Напряжение в комнате спало. Большинство не скрывало огорчения, что профессор Фрейд подвергся критике. Но Зигмунд решил довести дело до конца. Он полностью овладел собой, его голос стал спокойным, и в уголках губ появилась слабая улыбка.

– Теперь, когда мы перевязали наши раны и устранили взаимные обиды, обратимся к более созидательным идеям. Долгое время я желал освободиться от роли председателя Венского общества психоаналитиков. Я всегда осознавал, что естественным преемником является доктор Альфред Адлер. На следующем нашем заседании в Вене я подам в отставку и предложу вместо меня Адлера.

Раздались аплодисменты. Альфред Адлер, не ожидавший такого заявления, был удивлен.

– Далее. Думаю, нам очень нужно иметь еще одно издание, в Вене, которое обеспечит дополнительные возможности для публикации наших собственных статей. Я даже придумал название: «Центральный журнал психоанализа». Двумя редакторами стали бы Штекель и Адлер.

Вновь раздались аплодисменты.
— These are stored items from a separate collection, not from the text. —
(* Let $m\ge 1$ and let $q$ be an $m\times m$ matrix each of whose entries is either $0$ or an indeterminate, where the indeterminates occurring in $q$ are pairwise distinct and algebraically independent over a field $F$ ($F=\mathbb{R}$ or $\mathbb{C}$). Suppose that $\det q$, viewed as a polynomial in $F[\text{indeterminates}]$, is irreducible. Then every first minor of $q$ (the determinant of any $(m-1)\times(m-1)$ submatrix obtained by deleting one row and one column; for $m=1$ this is the empty determinant $1$) is a nonzero polynomial. Consequently, for almost all values of the hopping terms, every first minor of $q$ is nonzero.
   Context: In the physical interpretation, $q$ is the off-diagonal block of a chiral tight-binding Hamiltonian $H=\begin{pmatrix}0&q\\ q^\dagger&0\end{pmatrix}$ on a bipartite graph with equal numbers of "black" and "white" sites: rows of $q$ are indexed by one sublattice, columns by the other, and the entry for a pair of sites is an indeterminate (a "hopping term") if the sites are joined by an edge and $0$ otherwise. Deleting a row and a column corresponds to deleting one white and one black site. "For almost all values of the hopping terms" means: for all assignments of values in $F$ to the indeterminates outside the zero set of some nonzero polynomial. *)

theory Defs
  imports "HOL-Library.Poly_Mapping" "HOL-Library.Product_Lexorder"
    "HOL-Computational_Algebra.Factorial_Ring" "Jordan_Normal_Form.Determinant"
begin

text \<open>Multivariate polynomials over a coefficient ring 'a in indeterminates indexed by
  pairs of naturals (x_(i,j) is the hopping term for row i, column j), represented
  as finitely supported maps from monomials (exponent vectors) to coefficients.\<close>
type_synonym 'a hpoly = "((nat \<times> nat) \<Rightarrow>\<^sub>0 nat) \<Rightarrow>\<^sub>0 'a"

definition hvar :: "nat \<times> nat \<Rightarrow> 'a::comm_semiring_1 hpoly" where
  "hvar v = Poly_Mapping.single (Poly_Mapping.single v 1) 1"

definition pattern_mat :: "nat \<Rightarrow> (nat \<times> nat) set \<Rightarrow> 'a::comm_ring_1 hpoly mat" where
  "pattern_mat m E = mat m m (\<lambda>(i,j). if (i,j) \<in> E then hvar (i,j) else 0)"

definition heval :: "'a::comm_semiring_1 hpoly \<Rightarrow> (nat \<times> nat \<Rightarrow> 'a) \<Rightarrow> 'a" where
  "heval p x = (\<Sum>mon\<in>Poly_Mapping.keys p.
      Poly_Mapping.lookup p mon * (\<Prod>v\<in>Poly_Mapping.keys mon. x v ^ Poly_Mapping.lookup mon v))"

end

theory Submission
  imports Defs
begin

text \<open>Suppose the first minor of q at (i,j) vanished, and apply Hall's theorem to the rows
  other than i and the columns other than j. If there is a matching, completing it by (i,j)
  gives a permutation \<sigma> with (k, \<sigma> k) an edge for every k \<noteq> i. Replace row i of q by x_(i,j) e_j: the
  determinant of the new matrix is x_(i,j) times the vanishing cofactor, yet setting x_(k,\<sigma> k) = 1
  and all other indeterminates to 0 turns it into a permutation matrix. Otherwise some set T of
  rows has fewer than |T| neighbours among the columns other than j, so q has a zero block
  T \<times> S with |T| + |S| = m. Such a block factors q = A B with det A and det B both vanishing at
  the origin, hence non-units, contradicting irreducibility. The product of all first minors is
  then a nonzero polynomial outside whose zero set no first minor vanishes.\<close>

section \<open>Hall's marriage theorem\<close>

definition hall_condition :: "('x \<Rightarrow> 'y set) \<Rightarrow> 'x set \<Rightarrow> bool" where
  "hall_condition N X \<longleftrightarrow> (\<forall>T\<subseteq>X. card T \<le> card (\<Union>(N ` T)))"

lemma hall_condition_Diff_tight:
  assumes hall: "hall_condition N X" and fin: "finite X" "\<forall>x\<in>X. finite (N x)"
    and T: "T \<subseteq> X" "card (\<Union>(N ` T)) = card T"
  shows "hall_condition (\<lambda>x. N x - \<Union>(N ` T)) (X - T)"
  unfolding hall_condition_def
proof (intro allI impI)
  fix U assume U: "U \<subseteq> X - T"
  let ?NT = "\<Union>(N ` T)" and ?NU = "\<Union>x\<in>U. N x - \<Union>(N ` T)"
  have fin_UT: "finite U" "finite T" using U T fin by (auto intro: finite_subset)
  then have fin_N: "finite ?NU" "finite ?NT" using U T(1) fin by (intro finite_UN_I; auto)+
  have "card U + card T = card (U \<union> T)"
    using U fin_UT by (subst card_Un_disjoint) auto
  also have "\<dots> \<le> card (\<Union>(N ` (U \<union> T)))"
    using hall U T(1) unfolding hall_condition_def by blast
  also have "\<Union>(N ` (U \<union> T)) = ?NU \<union> ?NT" by auto
  also have "card (?NU \<union> ?NT) = card ?NU + card T"
    using fin_N T(2) by (subst card_Un_disjoint) auto
  finally show "card U \<le> card ?NU" by simp
qed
Кто–то воскликнул:

– Теперь, профессор, силы сравнялись! При Адлере как председателе нашей группы и ежемесячном журнале столица психоанализа останется в Вене.

Зигмунд вернулся к себе в номер, разделся и лег в постель, но, что с ним случалось редко, не мог заснуть до утра. Анализируя самого себя, он признал, что пережил небольшой срыв и впал в истерию. Он считал себя исцелившимся от всех неврозов, но, очевидно, напряжение, давление, нападки, поражения затронули его психику глубже, чем он предполагал. Он поступил опрометчиво, не поговорив заранее с собственной группой. Было бы разумнее, чтобы меморандум представил Адлер. Выбрав Ференци, он не должен был показать свое недовольство венской группой. Но теперь все исправлено; утром родится Международная ассоциация психоаналитиков. Юнга выберут на два года. Риклин будет избран его помощником. Ради этого он приехал в Нюрнберг. Несмотря на его ошибки, положение исправлено и конгресс будет успешным.

Он уснул в тот момент, когда первые лучи солнца проникли в окно.